History

Great Britain
- Name: Nile
- Namesake: Battle of the Nile (1798)
- Owner: 12/02/1799:Francis & Thomas Hurry, of Howden Dock, Wall's End, Northumberland ; 26/07/1803:Joshua Reeves & Mr Green, Southwark, London; registered at London;
- Builder: Edward Mosley & Co, Howdon
- Launched: 1798
- Fate: Stranded and wrecked 22 November 1833

General characteristics
- Tons burthen: 322, or 323 (bm)
- Propulsion: Sail
- Complement: 24
- Armament: 8 × 6- & 4-pounder guns + 2 × 12-pounder carronades

= Nile (1799 ship) =

Nile was a sailing ship built in 1799 at Howden, England. She made one voyage transporting convicts to New South Wales. For her return trip to Britain she was under contract to the British East India Company (EIC). Thereafter she traded between London and the West Indies, Canada, and the Mediterranean until she stranded on 22 November 1833 on the island of Oesel, Russia.

==Career==
Nile first appeared in Lloyd's Register (LR) in 1801 with John Sunter, master, Hurry & Co., owner, and trade London–Botany Bay.

Captain James Sunter (or James Souter) received a letter of marque on 22 April 1801. He left Portsmouth, England, on 21 June 1801, with 96 female convicts, four children, ten male passengers, nine female passengers and 21 children.

Nile traveled in convoy with and , and reached Rio de Janeiro on 26 August; all three arrived at Port Jackson on 14 December. None of Niles convicts died on the voyage.

Nile left Port Jackson on 6 February 1802 bound for China. She arrived at Whampoa on 27 April 1802.

Homeward bound, she passed Lintin Island on 24 May, reached Amboina on 5 August, the Cape on 3 November, and St Helena on 1 December. She arrived at the Downs on 14 February 1803.

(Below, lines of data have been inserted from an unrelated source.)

lemma isolates_path_in_subset:
  assumes "isolates X V N S" "path_in X V N D \<phi>" "\<phi> (Min D) \<in> S" "\<phi> (Max D) \<in> S"
  shows "\<phi> ` D \<subseteq> S"
  using assms unfolding isolates_def by blast

lemma isolates_imp_compatible:
  assumes "multivector_field X V" and iso: "isolates X V N R"
  shows "compatible X V R"
  unfolding compatible_iff_cell_meets[OF assms(1)]
proof (intro ballI impI)
  fix z assume z: "z \<in> topspace X" "cell V z \<inter> R \<noteq> {}"
  then obtain y where y: "y \<in> cell V z" "y \<in> R" by blast
  have "cell V y = cell V z" by (rule cell_eq_cell[OF assms(1) z(1) y(1)])
  then have zy: "z \<in> Pi_V X V y" and yz: "y \<in> Pi_V X V z"
    using y(1) mem_cell[OF assms(1) z(1)] unfolding Pi_V_def by auto
  have "y \<in> N" "z \<in> N"
    using iso y(2) zy unfolding isolates_def Pi_V_set_def by auto
  then have "path_in X V N {0, 1, 2} (\<lambda>i::int. if i = 1 then z else y)"
    by (rule path_in_there_and_back[OF zy yz])
  from isolates_path_in_subset[OF iso this]
  have "(\<lambda>i::int. if i = 1 then z else y) ` {0, 1, 2} \<subseteq> R"
    using y(2) by simp
  then show "z \<in> R" by auto
qed

theorem theorem6p3:
  fixes X :: "'a topology" and V :: "'a set set" and R :: "'a set"
  assumes "finite_T0_space X"
    and "multivector_field X V"
    and "invariant X V (topspace X)"
    and "R \<subseteq> topspace X"
  shows "(repeller X V R \<longleftrightarrow> openin X R \<and> compatible X V R \<and> invariant X V R)
       \<and> (openin X R \<and> compatible X V R \<and> invariant X V R
            \<longleftrightarrow> openin X R \<and> isolated_invariant X V R)"
proof -
  have fin: "finite (topspace X)" using assms(1) unfolding finite_T0_space_def by blast
  note Pi_V_inv_iff = Pi_V_inv_eq_iff_open_compatible[OF fin assms(2,4)]
  have "openin X R \<and> compatible X V R \<Longrightarrow> isolates X V (topspace X) R"
    using isolates_topspace[OF assms(2,4)] Pi_V_inv_iff by simp
  then show ?thesis
    unfolding repeller_def isolated_invariant_def
    using Pi_V_inv_iff isolates_imp_compatible[OF assms(2)] by blast
qed

end
text \<open>Path(K): families of pairwise vertex-disjoint paths from the sources labelled
  [k] - K to the sinks labelled K - [k] (the family S assigns to each such source i its
  path S i).\<close>

definition path_families :: "nat \<Rightarrow> nat \<Rightarrow> nat set \<Rightarrow> (nat \<Rightarrow> nat \<Rightarrow> nat) set" where
  "path_families k n K =
     {S. (\<forall>i\<in>{1..k} - K. is_web_path k n i (S i) \<and> k + S i k \<in> K - {1..k})
       \<and> (\<forall>i\<in>{1..k} - K. \<forall>j\<in>{1..k} - K. i \<noteq> j \<longrightarrow>
              path_vertices k i (S i) \<inter> path_vertices k j (S j) = {})}"

text \<open>x is a point of R^{inner regions}, i.e. it vanishes on the outer regions.\<close>

definition TropP :: "nat \<Rightarrow> nat \<Rightarrow> nat set \<Rightarrow> (nat \<times> nat \<Rightarrow> real) \<Rightarrow> real" where
  "TropP k n K x =
     Min ((\<lambda>S. \<Sum>i\<in>{1..k} - K. path_sum k i (S i) x) ` path_families k n K)"

definition k_subsets :: "nat \<Rightarrow> nat \<Rightarrow> nat set set" where
  "k_subsets k n = {K. K \<subseteq> {1..n} \<and> card K = k}"

definition web_fan :: "nat \<Rightarrow> nat \<Rightarrow> (nat \<times> nat \<Rightarrow> real) set set" where
  "web_fan k n = linearity_domains (inner_regions k n) (k_subsets k n) (\<lambda>K x. TropP k n K x)"

definition coords2 :: "nat \<Rightarrow> (nat \<times> nat \<Rightarrow> real) \<Rightarrow> (nat \<Rightarrow> real)" where
  "coords2 n y = (\<lambda>m. if 1 \<le> m \<and> m \<le> n - 3 then y (1, Suc m) else 0)"

datatype ptree = Leaf | Node ptree ptree

fun leaves :: "ptree \<Rightarrow> nat" where
  "leaves Leaf = 1"
| "leaves (Node l r) = leaves l + leaves r"

fun internals :: "ptree \<Rightarrow> nat" where
  "internals Leaf = 0"
| "internals (Node l r) = internals l + 1 + internals r"

text \<open>In-order label of the root of a subtree whose internal vertices get labels off+1, off+2, ...\<close>

fun root_label :: "nat \<Rightarrow> ptree \<Rightarrow> nat" where
  "root_label off Leaf = 0"
| "root_label off (Node l r) = off + internals l + 1"

text \<open>Pairs (i, j) of in-order labels with internal vertex i the parent of internal vertex j.\<close>

fun parent_child :: "nat \<Rightarrow> ptree \<Rightarrow> (nat \<times> nat) set" where
  "parent_child off Leaf = {}"
| "parent_child off (Node l r) =
     (let me = off + internals l + 1 in
       (if l = Leaf then {} else {(me, root_label off l)})
     \<union> (if r = Leaf then {} else {(me, root_label me r)})
     \<union> parent_child off l \<union> parent_child me r)"

definition SP_cone :: "nat \<Rightarrow> ptree \<Rightarrow> (nat \<Rightarrow> real) set" where
  "SP_cone d T = {x \<in> Vsp {1..d}. \<forall>(i, j) \<in> parent_child 0 T.
      (i < j \<longrightarrow> (\<Sum>m\<in>{i..<j}. x m) \<ge> 0) \<and> (j < i \<longrightarrow> (\<Sum>m\<in>{j..<i}. x m) \<le> 0)}"

definition stanley_pitman_fan :: "nat \<Rightarrow> (nat \<Rightarrow> real) set set" where
  "stanley_pitman_fan d = {SP_cone d T | T. leaves T = d + 2}"

end

theory Submission
  imports Defs "HOL-Library.Indicator_Function"
begin

text \<open>For k = 2 only the top row carries weights, so the weight of a path family for K is the
  prefix sum P(m) = x_1 + ... + x_m at the column m + 1 where the path from s_1 turns down, and
  the admissible turning columns form an interval [a, b] determined by K, with every interval in
  [0, n - 3] occurring. Hence Trop P_K = min of P over [a, b], a range-minimum query. All these
  minima are attained at prescribed points exactly when the Cartesian tree of P (the tree whose
  every vertex carries the minimum of P over its subtree) is a fixed tree T; the minimum over
  [a, b] is then P at the lowest common ancestor of a and b. So the domains of linearity are the
  cones on which P is heap-ordered along T, and heap order along parent-child edges is
  precisely the system of inequalities defining the Stanley--Pitman cone C_T.\<close>

section \<open>Heap-ordered sequences on plane binary trees\<close>

text \<open>The internal vertices of a tree are addressed by 0-based in-order position: those of T
  occupy off ..< off + internals T, and the root of Node l r sits at off + internals l, one
  less than its label in parent_child. With margin \<delta> = 0, heap order means that T is a
  Cartesian tree of f.\<close>

fun heap_ordered :: "real \<Rightarrow> (nat \<Rightarrow> real) \<Rightarrow> nat \<Rightarrow> ptree \<Rightarrow> bool" where
  "heap_ordered \<delta> f off Leaf = True"
| "heap_ordered \<delta> f off (Node l r) =
     ((\<forall>q\<in>{off..<off + internals (Node l r)}. q \<noteq> off + internals l \<longrightarrow> f (off + internals l) + \<delta> \<le> f q)
      \<and> heap_ordered \<delta> f off l \<and> heap_ordered \<delta> f (Suc (off + internals l)) r)"

fun lca :: "nat \<Rightarrow> ptree \<Rightarrow> nat \<Rightarrow> nat \<Rightarrow> nat" where
  "lca off Leaf a b = a"
| "lca off (Node l r) a b =
     (if b < off + internals l then lca off l a b
      else if off + internals l < a then lca (Suc (off + internals l)) r a b
      else off + internals l)"

fun vertex_depth :: "nat \<Rightarrow> ptree \<Rightarrow> nat \<Rightarrow> nat" where
  "vertex_depth off Leaf q = 0"
| "vertex_depth off (Node l r) q =
     (if q < off + internals l then Suc (vertex_depth off l q)
      else if off + internals l < q then Suc (vertex_depth (Suc (off + internals l)) r q)
      else 0)"

lemma leaves_eq_Suc_internals: "leaves T = Suc (internals T)"
  by (induction T) auto

lemma heap_ordered_cong:
  "(\<And>q. off \<le> q \<Longrightarrow> q < off + internals T \<Longrightarrow> f q = g q) \<Longrightarrow>
   heap_ordered \<delta> f off T = heap_ordered \<delta> g off T"
proof (induction T arbitrary: off)
  case Leaf
  then show ?case by simp
next
  case (Node l r)
  have "heap_ordered \<delta> f off l = heap_ordered \<delta> g off l"
    by (rule Node.IH(1)) (use Node.prems in auto)
  moreover have "heap_ordered \<delta> f (Suc (off + internals l)) r = heap_ordered \<delta> g (Suc (off + internals l)) r"
    by (rule Node.IH(2)) (use Node.prems in auto)
  moreover have "f (off + internals l) = g (off + internals l)"
    using Node.prems by auto
  ultimately show ?case
    using Node.prems by auto
qed

lemma heap_ordered_add_const: "heap_ordered \<delta> (\<lambda>q. c + f q) off T = heap_ordered \<delta> f off T"
  by (induction T arbitrary: off) auto

lemma heap_ordered_root_le:
  assumes "heap_ordered 0 f off (Node l r)" "off \<le> q" "q < off + internals (Node l r)"
  shows "f (off + internals l) \<le> f q"
  using assms by (cases "q = off + internals l") auto

lemma heap_ordered_vertex_depth: "heap_ordered 1 (\<lambda>q. real (vertex_depth off T q)) off T"
proof (induction T arbitrary: off)
  case Leaf
  then show ?case by simp
next
  case (Node l r)
  have "heap_ordered 1 (\<lambda>q. real (vertex_depth off (Node l r) q)) off l
        = heap_ordered 1 (\<lambda>q. 1 + real (vertex_depth off l q)) off l"
    by (rule heap_ordered_cong) auto
  moreover have "heap_ordered 1 (\<lambda>q. real (vertex_depth off (Node l r) q)) (Suc (off + internals l)) r
        = heap_ordered 1 (\<lambda>q. 1 + real (vertex_depth (Suc (off + internals l)) r q)) (Suc (off + internals l)) r"
    by (rule heap_ordered_cong) auto
  ultimately show ?case
    using Node.IH heap_ordered_add_const by auto
qed

lemma heap_ordered_add_scaled:
  assumes "heap_ordered d1 f off T" "heap_ordered d2 g off T" "c \<ge> 0"
  shows "heap_ordered (d1 + c * d2) (\<lambda>q. f q + c * g q) off T"
  using assms
proof (induction T arbitrary: off)
  case Leaf
  then show ?case by simp
next
  case (Node l r)
  let ?m = "off + internals l"
  have "f ?m + c * g ?m + (d1 + c * d2) \<le> f q + c * g q"
    if q: "q \<in> {off..<off + internals (Node l r)}" "q \<noteq> ?m" for q
  proof -
    have "f ?m + d1 \<le> f q" "g ?m + d2 \<le> g q"
      using Node.prems q by auto
    then show ?thesis
      using mult_left_mono[of "g ?m + d2" "g q" c] Node.prems(3) by (simp add: algebra_simps)
  qed
  then show ?case
    using Node by auto
qed

lemma heap_ordered_perturb:
  assumes "heap_ordered \<delta> f off T" "\<And>q. off \<le> q \<Longrightarrow> q < off + internals T \<Longrightarrow> \<bar>g q - f q\<bar> < \<delta> / 2"
  shows "heap_ordered 0 g off T"
  using assms
proof (induction T arbitrary: off)
  case Leaf
  then show ?case by simp
next
  case (Node l r)
  let ?m = "off + internals l"
  have "g ?m \<le> g q" if q: "q \<in> {off..<off + internals (Node l r)}" "q \<noteq> ?m" for q
  proof -
    have "f ?m + \<delta> \<le> f q" "\<bar>g q - f q\<bar> < \<delta> / 2" "\<bar>g ?m - f ?m\<bar> < \<delta> / 2"
      using Node.prems q by auto
    then show ?thesis by linarith
  qed
  moreover have "heap_ordered 0 g off l" "heap_ordered 0 g (Suc ?m) r"
    by (rule Node.IH; use Node.prems in auto)+
  ultimately show ?case by simp
qed

lemma cartesian_tree_exists: "\<exists>T. internals T = len \<and> heap_ordered 0 f off T"
proof (induction len arbitrary: off rule: less_induct)
  case (less len)
  show ?case
  proof (cases len)
    case 0
    then show ?thesis by (intro exI[of _ Leaf]) auto
  next
    case (Suc k)
    obtain \<rho> where \<rho>: "\<rho> \<in> {off..off + k}" "\<forall>q\<in>{off..off + k}. f \<rho> \<le> f q"
      using arg_min_if_finite[of "{off..off + k}" f] by (intro that) (auto simp: not_less)
    have "\<rho> - off < len" "off + k - \<rho> < len"
      using \<rho>(1) Suc by auto
    then obtain Tl Tr where Tl: "internals Tl = \<rho> - off" "heap_ordered 0 f off Tl"
      and Tr: "internals Tr = off + k - \<rho>" "heap_ordered 0 f (Suc \<rho>) Tr"
      using less.IH by meson
    have "off + internals Tl = \<rho>"
      using Tl \<rho>(1) by auto
    then show ?thesis
      using Tl Tr \<rho> Suc by (intro exI[of _ "Node Tl Tr"]) auto
  qed
qed

lemma lca_between:
  "off \<le> a \<Longrightarrow> a \<le> b \<Longrightarrow> b < off + internals T \<Longrightarrow> a \<le> lca off T a b \<and> lca off T a b \<le> b"
  by (induction T arbitrary: off) auto

lemma heap_ordered_0_iff_lca_le:
  "heap_ordered 0 f off T \<longleftrightarrow>
     (\<forall>a b q. off \<le> a \<longrightarrow> a \<le> q \<longrightarrow> q \<le> b \<longrightarrow> b < off + internals T \<longrightarrow> f (lca off T a b) \<le> f q)"
proof (induction T arbitrary: off)
  case Leaf
  then show ?case by simp
next
  case (Node l r)
  let ?m = "off + internals l"
  show ?case
  proof
    assume H: "heap_ordered 0 f off (Node l r)"
    have "f (lca off (Node l r) a b) \<le> f q"
      if "off \<le> a" "a \<le> q" "q \<le> b" "b < off + internals (Node l r)" for a b q
      using H Node.IH(1)[of off] Node.IH(2)[of "Suc ?m"] heap_ordered_root_le[OF H, of q] that
      by auto
    then show "\<forall>a b q. off \<le> a \<longrightarrow> a \<le> q \<longrightarrow> q \<le> b \<longrightarrow> b < off + internals (Node l r) \<longrightarrow>
        f (lca off (Node l r) a b) \<le> f q" by blast
  next
    assume H: "\<forall>a b q. off \<le> a \<longrightarrow> a \<le> q \<longrightarrow> q \<le> b \<longrightarrow> b < off + internals (Node l r) \<longrightarrow>
        f (lca off (Node l r) a b) \<le> f q"
    have "heap_ordered 0 f off l"
      unfolding Node.IH(1)
    proof (intro allI impI)
      fix a b q assume "off \<le> a" "a \<le> q" "q \<le> b" "b < off + internals l"
      then show "f (lca off l a b) \<le> f q" using H[rule_format, of a q b] by auto
    qed
    moreover have "heap_ordered 0 f (Suc ?m) r"
      unfolding Node.IH(2)
    proof (intro allI impI)
      fix a b q assume "Suc ?m \<le> a" "a \<le> q" "q \<le> b" "b < Suc ?m + internals r"
      then show "f (lca (Suc ?m) r a b) \<le> f q" using H[rule_format, of a q b] by auto
    qed
    moreover have "f ?m \<le> f q" if "q \<in> {off..<off + internals (Node l r)}" for q
      using H[rule_format, of off q "?m + internals r"] that by auto
    ultimately show "heap_ordered 0 f off (Node l r)" by simp
  qed
qed

lemma parent_child_bounds:
  "(i, j) \<in> parent_child off T \<Longrightarrow>
   off < i \<and> i \<le> off + internals T \<and> off < j \<and> j \<le> off + internals T \<and> i \<noteq> j"
proof (induction T arbitrary: off)
  case Leaf
  then show ?case by simp
next
  case (Node l r)
  let ?me = "off + internals l + 1"
  have "l \<noteq> Leaf \<Longrightarrow> off < root_label off l \<and> root_label off l < ?me"
    "r \<noteq> Leaf \<Longrightarrow> ?me < root_label ?me r \<and> root_label ?me r \<le> ?me + internals r"
    by (cases l; simp) (cases r; simp)
  then show ?case
    using Node.prems Node.IH(1)[of off] Node.IH(2)[of ?me]
    by (auto simp: Let_def split: if_splits)
qed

In 1803 Lloyd's Register showed her trade changing from London-Botany Bay to London-Baltic. In 1804 "Gibson" became master, and the next year she traded between Cork and Jamaica. Lloyd's Register for 1806 shows her master as "Sterling", her owners as "Faith & Co.", her armament as six 6-pounder guns, and her trade as London-Jamaica. Two years later her master is "Parker", and her trade is London-Halifax. The entries remain unchanged until 1812, when her trade becomes London-Malta. By 1818 her master is "J. Park", her owners are "Reeve & Co.", and her trade is Liverpool-Jamaica, and later London-Jamaica. In 1820 her trade is Liverpool-Canada. In 1821 and 1822 she is listed as being at London. Then in 1823 her owner and master are "R. Story", and her trade is Liverpool-Nova Scotia. The next year master and owner are "R. Storey", and the trade is Hull-Pictou. In 1825 her trade is Hull-Shields. In 1826 owner and master are "A. Storey", and Niles trade is London-Dantzig. The entries continue unchanged until 1831, when her trade becomes Plymouth-N.America.

==Fate==
Nile, Storer (per The Times), or Storey (per Lloyd's List), master, stranded on 22 November 1833 on the Oesel. Nile was no longer listed in Lloyd's Register in 1834.